The likelihood of misconfiguration can be reduced with;
--[no]require_platform_scoped_strategies
to require that every exec platform (including host) have a strategies allowlist (checked after workspace evaluation).
Strategies supplied for the dynamic
meta-strategy via --dynamic_remote_strategy
and --dynamic_local_strategy
will follow the same strategy support rules.
It is theoretically possible for an action which relies on spawn strategies (ctx.actions.run
and ctx.actions.run_shell
) to lack an execution platform, though almost certainly a bug (exec_properties
wouldn't be included for remote
spawns).
An investigation by @katre
indicates that at present only file write actions (ctx.actions.write
, ctx.actions.symlink
, ctx.actions.expand_template
) lack a platform (their platform is inherently always that of the host), however there are no guards to enforce this.
An option is to accept the risk that a bug could sneak in later, and fix it when discovered. Alternatively Bazel could be refactored internally so that invocations of getExecutionPlatform
never return null
.
Source code references;
SpawnStrategyRegistry#getStrategies(Spawn,EventHandler)
can retrieve a PlatformInfo
instance for the execution platform via Spawn#getExecutionPlatform()
, however it is annotated as nullable. A quick search showed null
being returned in the following places.
ActionTemplate#getExecutionPlatform()
, described as a placeholder action that expands out to a list later.MiddlemanAction#getExecutionPlatform()
, a non-executable action.RuleContext#getExecutionPlatform()
, null ifgetToolchainContext()
returns null.RuleContext#getExecutionPlatform(String)
, null ifgetToolchainContext()
returns null and no toolchain exists for the specified exec group.SymlinkAction#getExecutionPlatform()
, a non-executable action.SolibSymlinkAction#getExecutionPlatform()
, a non-executable action.TestActionKeyCacher#getExecutionPlatform()
, test implementation detail.ResourceOwnerStub#getExecutionPlatform()
, nullable but throws, test implementation detail.FakeResourecOwner#getExecutionPlatform()
, test implementation detail.
All changes are opt-in and additive. Compatibility breaks would indicate an implementation flaw. Builtin rules may have some unknowns.
A variation on the proposal where supported strategies are declared directly on platform
via a new supported_strategies
attribute was considered and ultimately rejected as;
- The new attribute may be used by rulesets, increasing the cost of removal if/when the system is redesigned and implicitly increasing the scope of the proposal.
- Platforms used as execution platforms may be defined in an external repository, making them harder to configure.
It is also worth considering the current status of the platform(...)

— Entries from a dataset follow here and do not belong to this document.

lemma abs_diff_le_of_deriv_decay_right:
  fixes G g :: "real \<Rightarrow> real"
  assumes G: "\<And>t. (G has_real_derivative g t) (at t)"
    and m: "m \<ge> 2" and A: "A \<ge> 0" and u: "0 \<le> u" "u \<le> pi"
    and decay: "\<And>t. t \<in> {xs + u..xs + pi} \<Longrightarrow> \<bar>g t\<bar> \<le> A * real n / (1 + real n * (t - xs)) ^ m"
  shows "\<bar>G (xs + pi) - G (xs + u)\<bar> \<le> A / (1 + real n * u) ^ (m - 1)"
proof -
  obtain k where k: "m = k + 2" using m by (metis add.commute le_Suc_ex)
  define q where "q t = 1 + real n * (t - xs)" for t
  define H where "H t = - A / real (k + 1) * inverse (q t ^ (k + 1))" for t
  define h where "h t = A * real n / q t ^ m" for t
  have H: "(H has_real_derivative h t) (at t)" if t: "t \<in> {xs + u..xs + pi}" for t
  proof -
    have "(q has_real_derivative real n) (at t)" unfolding q_def by (auto intro!: derivative_eq_intros)
    moreover have "0 \<le> real n * (t - xs)" using t u by simp
    then have "q t \<noteq> 0" unfolding q_def by linarith
    ultimately show ?thesis unfolding H_def h_def k by (rule has_real_derivative_inverse_power)
  qed
  have "G (xs + pi) - G (xs + u) \<le> H (xs + pi) - H (xs + u)"
    using G decay u by (intro real_derivative_diff_mono[OF _ H]) (auto simp: h_def q_def abs_le_iff)
  moreover have "- G (xs + pi) - (- G (xs + u)) \<le> H (xs + pi) - H (xs + u)"
    using decay u
    by (intro real_derivative_diff_mono[OF DERIV_minus[OF G] H]) (auto simp: h_def q_def abs_le_iff)
  moreover have "H (xs + pi) \<le> 0" unfolding H_def q_def using A by (simp add: add_nonneg_nonneg)
  moreover have "- H (xs + u) \<le> A / (1 + real n * u) ^ (m - 1)"
  proof -
    have "- H (xs + u) = (A / real (k + 1)) / (1 + real n * u) ^ (k + 1)"
      unfolding H_def q_def by (simp add: divide_inverse)
    also have "\<dots> \<le> A / (1 + real n * u) ^ (k + 1)"
      using A u by (intro divide_right_mono) (auto simp: divide_le_eq mult_le_cancel_left1)
    finally show ?thesis unfolding k by simp
  qed
  ultimately show ?thesis by (simp add: abs_le_iff)
qed

lemma abs_diff_le_of_deriv_decay_left:
  fixes G g :: "real \<Rightarrow> real"
  assumes G: "\<And>t. (G has_real_derivative g t) (at t)"
    and m: "m \<ge> 2" and A: "A \<ge> 0" and u: "- pi \<le> u" "u \<le> 0"
    and decay: "\<And>t. t \<in> {xs - pi..xs + u} \<Longrightarrow> \<bar>g t\<bar> \<le> A * real n / (1 + real n * (xs - t)) ^ m"
  shows "\<bar>G (xs + u) - G (xs - pi)\<bar> \<le> A / (1 + real n * \<bar>u\<bar>) ^ (m - 1)"
proof -
  have G': "((\<lambda>t. - G (2 * xs - t)) has_real_derivative g (2 * xs - t)) (at t)" for t
  proof -
    have "((\<lambda>t. 2 * xs - t) has_real_derivative -1) (at t)" by (auto intro!: derivative_eq_intros)
    from DERIV_minus[OF DERIV_chain2[OF G this]] show ?thesis by simp
  qed
  have "\<bar>- G (2 * xs - (xs + pi)) - - G (2 * xs - (xs + - u))\<bar> \<le> A / (1 + real n * (- u)) ^ (m - 1)"
  proof (rule abs_diff_le_of_deriv_decay_right[OF G' m A])
    fix t assume "t \<in> {xs + - u..xs + pi}"
    then show "\<bar>g (2 * xs - t)\<bar> \<le> A * real n / (1 + real n * (t - xs)) ^ m"
      using decay[of "2 * xs - t"] by simp
  qed (use u in auto)
  then show ?thesis using u by (simp add: abs_minus_commute)
qed

section \<open>The primitive \<open>T\<close>\<close>

text \<open>\<open>4\<^sup>s\<close> comes from the bound \<open>(2/\<delta>\<^sub>n)\<^sup>2\<^sup>s\<close> on \<open>\<Pi>(x)/\<Pi>(x*)\<close>, the rest from the lower bound
  on \<open>\<gamma>\<^sub>l\<^sub>,\<^sub>n\<close>.\<close>
definition jackson_const :: "nat \<Rightarrow> nat \<Rightarrow> real" where
  "jackson_const s l = 4 ^ s * (pi / 2) ^ (2 * l) / (2 * pi)"

lemma jackson_const_pos: "0 < jackson_const s l"
  unfolding jackson_const_def by simp

lemma yext_add_mult:
  assumes "i \<in> {1 .. 2 * s}"
  shows "yext s y (int i + 2 * int s * k) = y i - 2 * pi * of_int k"
proof -
  have arg: "int i + 2 * int s * k - 1 = (int i - 1) + k * (2 * int s)" by (simp add: algebra_simps)
  have "0 \<le> int i - 1" "int i - 1 < 2 * int s" using assms by auto
  then have "(int i + 2 * int s * k - 1) mod (2 * int s) = int i - 1"
    and "(int i + 2 * int s * k - 1) div (2 * int s) = k"
    unfolding arg by simp_all
  then show ?thesis unfolding yext_def using assms by simp
qed

locale jackson_setting =
  fixes s l n :: nat and C12 xs :: real and y :: "nat \<Rightarrow> real"
  assumes one_le_s: "1 \<le> s" and s_less_l: "s < l" and one_le_n: "1 \<le> n" and C12_pos: "0 < C12"
    and moment_bound: "\<And>\<nu>::nat. \<nu> \<le> 2 * l - 2 \<Longrightarrow>
      integral {-pi..pi} (\<lambda>t. (1 + real n * \<bar>t\<bar>) ^ \<nu> * J_ln l n t) \<le> C12"
    and nodes_far: "\<And>i::int. 2 * real s * C12 * pi / real n \<le> \<bar>xs - yext s y i\<bar>"
begin

abbreviation d where "d \<equiv> d_ln l n xs s y"
abbreviation T where "T \<equiv> T_ln l n xs s y"

lemma one_le_l: "1 \<le> l"
  using one_le_s s_less_l by simp

lemma node_dist_ge:
  assumes "i \<in> {1 .. 2 * s}"
  shows "2 * real s * C12 * pi / real n \<le> \<bar>xs - y i - 2 * pi * of_int k\<bar>"
  using nodes_far[of "int i + 2 * int s * (- k)"] unfolding yext_add_mult[OF assms] by simp

lemma two_s_C12_le_n: "2 * real s * C12 \<le> real n"
proof -
  obtain k :: int where "\<bar>xs - y 1 - 2 * pi * of_int k\<bar> \<le> pi" using abs_diff_2pi_int_le by blast
  then have "2 * real s * C12 * pi / real n \<le> pi" using node_dist_ge[of 1 k] one_le_s by simp
  then show ?thesis using one_le_n by (simp add: field_simps)
qed

lemma abs_sin_half_node_ge:
  "i \<in> {1 .. 2 * s} \<Longrightarrow> 2 * real s * C12 / real n \<le> \<bar>sin ((xs - y i) / 2)\<bar>"
  using abs_sin_half_ge_of_dist_2pi_int[of "2 * real s * C12 * pi / real n" "xs - y i"]
    node_dist_ge C12_pos by simp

abstraction, which is currently 2 things;
- A collection of constraints. (
constraints
) - An opaque collection of properties for remote execution. (
exec_properties
)
(1) has value for all target and execution platform use cases, while (2) is limited to a subset of execution platform use cases (configuring remote execution services). It is probable the exec_properties
attribute will be relocated in a future redesign of the spawn strategy subsystem.
The initial version of this proposal sought to extend the existing spawn strategy flags.
e.g.
# //.bazelrc
# When the exec platform is "//:darwin_arm64" use one of "worker,sandboxed,local" by default
build --spawn_strategy=//:darwin_arm64=worker,sandboxed,local
# For actions with the "FOO" mnemonic and exec platform "//:darwin_arm64" use "local"
build --strategy=FOO=//:darwin_arm64=local
# For actions with a description which matches regex "//foo.*\.cc" and exec platform "//:darwin_arm64" use "local"
build --strategy_regexp=//foo.*\.cc=//:darwin_arm64=local
This was rejected as the existing interface was already complicated and the change would increase complexity. As the existing interface is already complex, there is also a risk the required changes would lead to a compatibility break (a-la Hyrum's Law).